Now we ventured out to the beach, walking towards Hammond. What evidence do we see of littoral drift? In the standard model, you would see boulders and cobbles at one end of the beach, tapering off to a broader sandy beach at the other end where the wave energy was less. On this beach, either end has cobbles. This reflects that, whatever the littoral drift is doing, the forces that most strongly shape a beach are the storms. Our Northeasters come from a different direction than the prevailing winds.

Look at the bluffs. You can see various striation patterns. As the glacier advanced, streams would be running in front, perhaps frozen at night. Diagonal striations show where the stream bars advanced laterally. Where rounded (cup-shaped) deposits are present, that is called cut and fill structures as areas were eroded then filled in.

Does each different stripe represent a daily pulse due to ice melting and then freezing? Or some other time unit? Anyway, we know the darker bands have more organic material in them. The oldest sand would be at the bottom, deposited 30 – 20,000 years ago. Then, near the top of the bluffs, you see gravel. This material would have come from the glacier itself, instead of the streams running ahead of it. Gravel melts out as the glacier advances. Finally, at the very top you have glacial till, concrete-like material with occasional boulders.

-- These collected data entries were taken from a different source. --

lemma pair_vectors_not_all_irreducible:
  fixes i :: "nat \<Rightarrow> nat" and w :: "nat \<Rightarrow> int"
  assumes diff: "\<And>a c. a < 4 \<Longrightarrow> c < 4 \<Longrightarrow> a \<noteq> c \<Longrightarrow>
      orth_irreducible r \<sigma> (indicator {i a} - indicator {i c})"
    and pair: "\<And>a c. a < 4 \<Longrightarrow> c < 4 \<Longrightarrow> a \<noteq> c \<Longrightarrow>
      orth_irreducible r \<sigma> (w - indicator {i a} - indicator {i c})"
  shows False
proof -
  define e :: "nat \<Rightarrow> nat \<Rightarrow> int" where "e a = indicator {i a}" for a
  have irr_nonzero: "x \<noteq> 0" and irr_orth: "x \<in> orth_lattice r \<sigma>" if "orth_irreducible r \<sigma> x" for x
    using that unfolding orth_irreducible_def by auto
  have "e a - e 0 \<in> orth_lattice r \<sigma>" if "a < 4" for a
    using zero_in_orth_lattice irr_orth[OF diff[OF that, of 0]] unfolding e_def
    by (cases "a = 0") simp_all
  moreover have "w - e 0 - e 1 \<in> orth_lattice r \<sigma>"
    using irr_orth[OF pair[of 0 1]] unfolding e_def by simp
  ultimately obtain h g
    where rep_diff: "\<And>a c. a < 4 \<Longrightarrow> c < 4 \<Longrightarrow> lincomb U (h a - h c) v = e a - e c"
      and rep_pair: "\<And>a c. a < 4 \<Longrightarrow> c < 4 \<Longrightarrow> lincomb U (g - h a - h c) v = w - e a - e c"
    using lincomb_coeffs_of_pair_vectors[where n = 4] by (metis one_less_numeral_iff semiring_norm(76))
  have "U \<noteq> {}"
  proof
    assume "U = {}"
    then have "e 0 - e 1 = 0" using rep_diff[of 0 1] unfolding lincomb_def by (simp add: zero_fun_def)
    then show False using irr_nonzero[OF diff[of 0 1]] unfolding e_def by simp
  qed
  then obtain u0 where "u0 \<in> U" by blast
  then obtain a c where ac: "a < 4" "c < 4" "a \<noteq> c"
    and const: "\<And>u u'. u \<in> U \<Longrightarrow> u' \<in> U \<Longrightarrow> g u - h a u - h c u = g u' - h a u' - h c u'"
  proof (rule almost_constant_four_obtains_constant_pair)
    fix a c :: nat assume ac: "a < 4" "c < 4"
    show "almost_constant_on U (\<lambda>u. h a u - h c u)"
    proof (cases "a = c")
      case False
      show ?thesis
        using orth_irreducible_coeffs_almost_constant[OF diff[OF ac False] rep_diff[OF ac, symmetric, unfolded e_def]]
        unfolding fun_diff_def .
    qed (simp add: almost_constant_on_def)
    show "\<exists>u\<in>U. \<exists>u'\<in>U. h a u - h c u \<noteq> h a u' - h c u'" if "a \<noteq> c"
      using lincomb_nonzero_imp_nonconstant[of "h a - h c"] rep_diff[OF ac]
        irr_nonzero[OF diff[OF ac that]] unfolding e_def by simp
    show "almost_constant_on U (\<lambda>u. g u - h a u - h c u)" if "a \<noteq> c"
      using orth_irreducible_coeffs_almost_constant[OF pair[OF ac that] rep_pair[OF ac, symmetric, unfolded e_def]]
      unfolding fun_diff_def .
  qed blast
  then have "(g - h a - h c) u = (g - h a - h c) u'" if "u \<in> U" "u' \<in> U" for u u'
    unfolding minus_apply using that by blast
  then have "lincomb U (g - h a - h c) v = 0" by (rule lincomb_constant_eq_0)
  then show False using rep_pair[OF ac(1,2)] irr_nonzero[OF pair[OF ac]] unfolding e_def by simp
qed

end

lemma changemaker_above_block:
  assumes cm: "changemaker r \<sigma>" and bounds: "0 < l" "b + l - 1 \<le> r"
    and block: "\<And>i. i < l \<Longrightarrow> \<sigma> (b + i) = \<sigma> b"
    and k: "k \<in> {1..r}" "\<sigma> b < \<sigma> k"
  shows "b + l - 1 < k"
proof (rule ccontr)
  assume "\<not> b + l - 1 < k"
  then have "\<sigma> k \<le> \<sigma> b"
    using changemaker_mono[OF cm, of k b] block[of "k - b"] k(1) bounds by (cases "k < b") auto
  then show False using k(2) by simp
qed

lemma block_indicator_diff_irreducible:
  assumes cm: "changemaker r \<sigma>" and bounds: "4 \<le> l" "1 \<le> b" "b + l - 1 \<le> r"
    and block: "\<And>i. i < l \<Longrightarrow> \<sigma> (b + i) = \<sigma> b"
    and ac: "a < 4" "c < 4" "a \<noteq> c"
  shows "orth_irreducible r \<sigma> (indicator {b + a} - indicator {b + c})"
  using ac bounds block[of a] block[of c] changemaker_pos[OF cm]
  by (intro orth_irreducible_indicator_diff) auto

On Whidbey Island, you can see evidence of yet two more glacial ice sheet advances beneath this one.

At Little Hammond, we talked about the two bars extending seaward. Underwater sand movement is not well understood, nor is its role in shorelines.

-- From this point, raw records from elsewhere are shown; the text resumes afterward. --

lemma fusion_penalty_shift_le:
  fixes x :: "nat \<Rightarrow> 'v::real_normed_vector"
  assumes w: "\<forall>i<n. \<forall>j<n. w i j = w j i \<and> 0 \<le> w i j" and A: "A \<subseteq> {..<n}" and t: "0 \<le> t"
  shows "fusion_penalty n w (\<lambda>k. if k \<in> A then x k + t *\<^sub>R v else x k)
    \<le> fusion_penalty n w x + 2 * t * norm v * (\<Sum>k\<in>A. \<Sum>l\<in>{..<n} - A. w k l)"
proof -
  define u where "u k = (if k \<in> A then x k + t *\<^sub>R v else x k)" for k
  define cut where "cut k l = (if k \<in> A \<and> l \<notin> A then 1 else 0)
      + (if l \<in> A \<and> k \<notin> A then 1 else (0::real))" for k l
  have pointwise: "norm (u k - u l) \<le> norm (x k - x l) + t * norm v * cut k l" for k l
    using t norm_triangle_ineq[of "x k - x l" "t *\<^sub>R v"] norm_triangle_ineq[of "x k - x l" "- (t *\<^sub>R v)"]
    by (auto simp: u_def cut_def algebra_simps)
  have "fusion_penalty n w u \<le> (\<Sum>k<n. \<Sum>l<n. w k l * (norm (x k - x l) + t * norm v * cut k l))"
    unfolding fusion_penalty_def using w by (intro sum_mono mult_left_mono pointwise) auto
  also have "\<dots> = fusion_penalty n w x + t * norm v * (\<Sum>k<n. \<Sum>l<n. w k l * cut k l)"
    by (simp add: fusion_penalty_def algebra_simps sum.distrib sum_distrib_left)
  also have "(\<Sum>k<n. \<Sum>l<n. w k l * cut k l) = 2 * (\<Sum>k\<in>A. \<Sum>l\<in>{..<n} - A. w k l)"
  proof -
    have "(\<Sum>k<n. \<Sum>l<n. if l \<in> A \<and> k \<notin> A then w k l else 0)
        = (\<Sum>l<n. \<Sum>k<n. if l \<in> A \<and> k \<notin> A then w l k else 0)"
      using w by (subst sum.swap) (intro sum.cong refl; auto)
    moreover have "w k l * cut k l = (if k \<in> A \<and> l \<notin> A then w k l else 0)
        + (if l \<in> A \<and> k \<notin> A then w k l else 0)" for k l
      by (simp add: cut_def)
    ultimately show ?thesis
      using sum_cut_weights[OF A, of w] by (simp add: sum.distrib)
  qed
  finally show ?thesis
    by (simp add: u_def)
qed

lemma quadratic_perturbation_bound:
  fixes N D G :: real
  assumes "0 < N" "0 \<le> D" "0 \<le> G"
    and perturb: "\<And>t. 0 < t \<Longrightarrow> 0 \<le> N * (t\<^sup>2 - 2 * t) * D\<^sup>2 + 2 * t * D * G"
  shows "N * D \<le> G"
proof (rule ccontr)
  assume "\<not> N * D \<le> G"
  then have "0 < D" "G < N * D"
    using assms by (auto simp: not_le intro: le_neq_trans)
  define t where "t = (N * D - G) / (N * D)"
  have "0 < t"
    using \<open>G < N * D\<close> \<open>0 < D\<close> \<open>0 < N\<close> by (simp add: t_def)
  moreover have "N * (t\<^sup>2 - 2 * t) * D\<^sup>2 + 2 * t * D * G = t * D * (G - N * D)"
    using \<open>0 < D\<close> \<open>0 < N\<close> by (simp add: t_def field_simps power2_eq_square)
  moreover have "t * D * (G - N * D) < 0"
    using \<open>0 < t\<close> \<open>0 < D\<close> \<open>G < N * D\<close> by (simp add: mult_pos_neg)
  ultimately show False
    using perturb by fastforce
qed

text \<open>Moving the common value of x on A by t towards the mean of b on A changes the fit term by
  card A (t^2 - 2t) |v|^2 and the penalty by at most 2 t |v| times the weight leaving A;
  optimality for all small t > 0 gives the bound.\<close>

lemma cc_opt_constant_set_dist_mean_le:
  fixes b x :: "nat \<Rightarrow> 'v::real_inner"
  assumes w: "\<forall>i<n. \<forall>j<n. w i j = w j i \<and> 0 \<le> w i j" and \<gamma>: "0 \<le> \<gamma>"
    and opt: "is_cc_opt b n w \<gamma> x"
    and A: "A \<subseteq> {..<n}" "i \<in> A" and const: "\<And>k. k \<in> A \<Longrightarrow> x k = x i"
  shows "real (card A) * norm (x i - (1 / real (card A)) *\<^sub>R (\<Sum>l\<in>A. b l))
    \<le> \<gamma> * (\<Sum>k\<in>A. \<Sum>l\<in>{..<n} - A. w k l)"
proof -
  define v where "v = (1 / real (card A)) *\<^sub>R (\<Sum>l\<in>A. b l) - x i"
  define S where "S = (\<Sum>k\<in>A. \<Sum>l\<in>{..<n} - A. w k l)"
  have "0 < card A"
    using A finite_subset card_gt_0_iff by fastforce
  moreover have "0 \<le> S"
    using w A unfolding S_def by (intro sum_nonneg) auto
  moreover have wsym: "\<forall>i<n. \<forall>j<n. w i j = w j i"
    using w by blast
  have "0 \<le> real (card A) * (t\<^sup>2 - 2 * t) * (norm v)\<^sup>2 + 2 * t * norm v * (\<gamma> * S)" if "0 < t" for t
  proof -
    define u where "u k = (if k \<in> A then x k + t *\<^sub>R v else x k)" for k
    have "cc_obj b n w \<gamma> x \<le> cc_obj b n w \<gamma> u"
      using opt by (simp add: is_cc_opt_def)
    moreover have "(\<Sum>k<n. (norm (u k - b k))\<^sup>2)
        = (\<Sum>k<n. (norm (x k - b k))\<^sup>2) + real (card A) * (t\<^sup>2 - 2 * t) * (norm v)\<^sup>2"
      unfolding u_def v_def using A(1) const by (rule sum_sq_dist_shift_towards_mean)
    moreover have "\<gamma> * fusion_penalty n w u \<le> \<gamma> * fusion_penalty n w x + \<gamma> * (2 * t * norm v * S)"
      using mult_left_mono[OF fusion_penalty_shift_le[OF w A(1), of t x v] \<gamma>] that
      by (simp add: u_def[abs_def] S_def distrib_left)
    ultimately show ?thesis
      unfolding cc_obj_eq_fusion_penalty[OF wsym] by (simp add: algebra_simps)
  qed
  ultimately have "real (card A) * norm v \<le> \<gamma> * S"
    using \<gamma> by (intro quadratic_perturbation_bound) auto
  then show ?thesis
    by (simp add: v_def S_def norm_minus_commute)
qed

section \<open>The hidden partition and the projected model\<close>

locale cluster_partition =
  fixes a :: "nat \<Rightarrow> 'a" and n :: nat and V :: "nat \<Rightarrow> 'a set" and K :: nat
  assumes partition: "partition_on (a ` {..<n}) (V ` {1..K})"
    and inj_V: "inj_on V {1..K}"
begin

definition label :: "nat \<Rightarrow> nat" where
  "label i = (THE \<alpha>. \<alpha> \<in> {1..K} \<and> a i \<in> V \<alpha>)"

lemma unique_cluster: "i < n \<Longrightarrow> \<exists>!\<alpha>. \<alpha> \<in> {1..K} \<and> a i \<in> V \<alpha>"
proof -
  assume "i < n"
  then have "a i \<in> \<Union>(V ` {1..K})"
    using partition_onD1[OF partition] by blast
  then obtain \<alpha> where "\<alpha> \<in> {1..K}" "a i \<in> V \<alpha>"
    by blast
  moreover have "\<beta> = \<alpha>" if "\<beta> \<in> {1..K}" "a i \<in> V \<beta>" for \<beta>
  proof (rule ccontr)
    assume "\<beta> \<noteq> \<alpha>"
    then have "V \<beta> \<noteq> V \<alpha>"
      using inj_on_contraD[OF inj_V] that(1) \<open>\<alpha> \<in> {1..K}\<close> by blast
    then have "V \<beta> \<inter> V \<alpha> = {}"
      using disjointD[OF partition_onD2[OF partition]] that(1) \<open>\<alpha> \<in> {1..K}\<close> by blast
    then show False
      using that(2) \<open>a i \<in> V \<alpha>\<close> by blast
  qed
  ultimately show ?thesis
    by blast
qed

lemma label: "i < n \<Longrightarrow> label i \<in> {1..K} \<and> a i \<in> V (label i)"
  unfolding label_def by (rule theI') (rule unique_cluster)

lemma label_eqI: "i < n \<Longrightarrow> \<alpha> \<in> {1..K} \<Longrightarrow> a i \<in> V \<alpha> \<Longrightarrow> label i = \<alpha>"
  unfolding label_def by (rule the1_equality[OF unique_cluster]) auto

lemma label_surj: "\<alpha> \<in> {1..K} \<Longrightarrow> \<exists>i<n. label i = \<alpha>"
proof -
  assume \<alpha>: "\<alpha> \<in> {1..K}"
  then obtain v where "v \<in> V \<alpha>"
    using partition_onD3[OF partition] by (metis equals0I imageI)
  moreover have "V \<alpha> \<subseteq> a ` {..<n}"
    using partition_onD1[OF partition] \<alpha> by blast
  ultimately obtain i where "i < n" "a i \<in> V \<alpha>"
    by auto
  then show ?thesis
    using label_eqI \<alpha> by blast
qed

lemma Iset_eq_block: "\<alpha> \<in> {1..K} \<Longrightarrow> Iset a n V \<alpha> = block label n \<alpha>"
  unfolding Iset_def block_def using label label_eqI by blast

lemma same_cluster_iff:
  "i < n \<Longrightarrow> j < n \<Longrightarrow> (\<exists>\<alpha>\<in>{1..K}. a i \<in> V \<alpha> \<and> a j \<in> V \<alpha>) \<longleftrightarrow> label i = label j"
  using label label_eqI by metis

lemma nsz_pos: "\<alpha> \<in> {1..K} \<Longrightarrow> 0 < nsz a n V \<alpha>"
  using label_surj[of \<alpha>] by (auto simp: nsz_def Iset_eq_block card_gt_0_iff)

lemma sum_outside_cluster:
  assumes "\<alpha> \<in> {1..K}"
  shows "(\<Sum>l\<in>{..<n} - Iset a n V \<alpha>. f l) = (\<Sum>\<beta>\<in>{1..K} - {\<alpha>}. \<Sum>l\<in>Iset a n V \<beta>. f l)"
proof -
  have "(\<Sum>l\<in>{..<n} - Iset a n V \<alpha>. f l)
        = (\<Sum>\<beta>\<in>{1..K} - {\<alpha>}. \<Sum>l\<in>{l \<in> {..<n} - Iset a n V \<alpha>. label l = \<beta>}. f l)"
    using assms label by (intro sum.group[symmetric]) (auto simp: Iset_eq_block)
  also have "\<dots> = (\<Sum>\<beta>\<in>{1..K} - {\<alpha>}. \<Sum>l\<in>Iset a n V \<beta>. f l)"
    using assms by (intro sum.cong refl) (auto simp: Iset_eq_block)
  finally show ?thesis .
qed

lemma nsz_mult_wbar:
  assumes "\<alpha> \<in> {1..K}"
  shows "real (nsz a n V \<alpha>) * wbar a n V K w \<alpha> = (\<Sum>k\<in>Iset a n V \<alpha>. \<Sum>l\<in>{..<n} - Iset a n V \<alpha>. w k l)"
  using nsz_pos[OF assms]
  by (simp add: wbar_def wblock_def sum_outside_cluster[OF assms]) (rule sum.swap)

Little Hammond Bay shows a clear log spiral (see article below) where the southernmost bluff portion is deeply eroded.

The tombolo at Hammond has been getting smaller over the years. Don thought it was eroding from the bluff. Jim said it was mapped (by him in 1992 for WA Dept of Ecology) as the area where two net shore-drift cells converge, such that it was deposited by littoral drift. That does not preclude cyclical erosion, as much of the island’s shores are eroding.

We looked at the scallops in the clay. We looked at the scallops in the clay. The clay shows that the last of the glacial ice sheet was floated up by rising ocean levels at the end of the last glacial advance around 11,000 years ago. All of the sediment that was left in the ice was dropped in place forming “glaciomarine drift”, with the scallop shells buried simultaneously.

If you took pollen samples, you might be able to track the typical post-glacier pattern. First, arctic grasses appear, then alders, then pines, then firs, and finally, cedars. Our personal cedars appeared here about 5,000 years ago.

Geologically, what happens while the plants are reestablishing, is that the ice melts, then marine water floods in with its attendant flora and fauna. Eventually, the land rebounds when it finally notices that the weight of the glacier is gone, and an arctic tundra is formed. The climate warms and soils redevelop.

You can date plant and animal matter with carbon dating. Thermoluminescence can show the last time that a rock saw daylight. Zircon dating is used for older rocks.

The thrill of the day was when Jim stood on Hammond, and said – Sure looks like Chuckanut sandstone to me! – The 45 million year old soft rock, with its typical honeycombing, does not appear on the geological map but there it was, plain as day.

Comment

March 8 2008 TNC Beach Walk with Jim Johannesen · 10 March 2008, 08:05 by Julie Loyd

Jim Johannesen March 8, 2008 TNC Beach Walk 3:30 p.m.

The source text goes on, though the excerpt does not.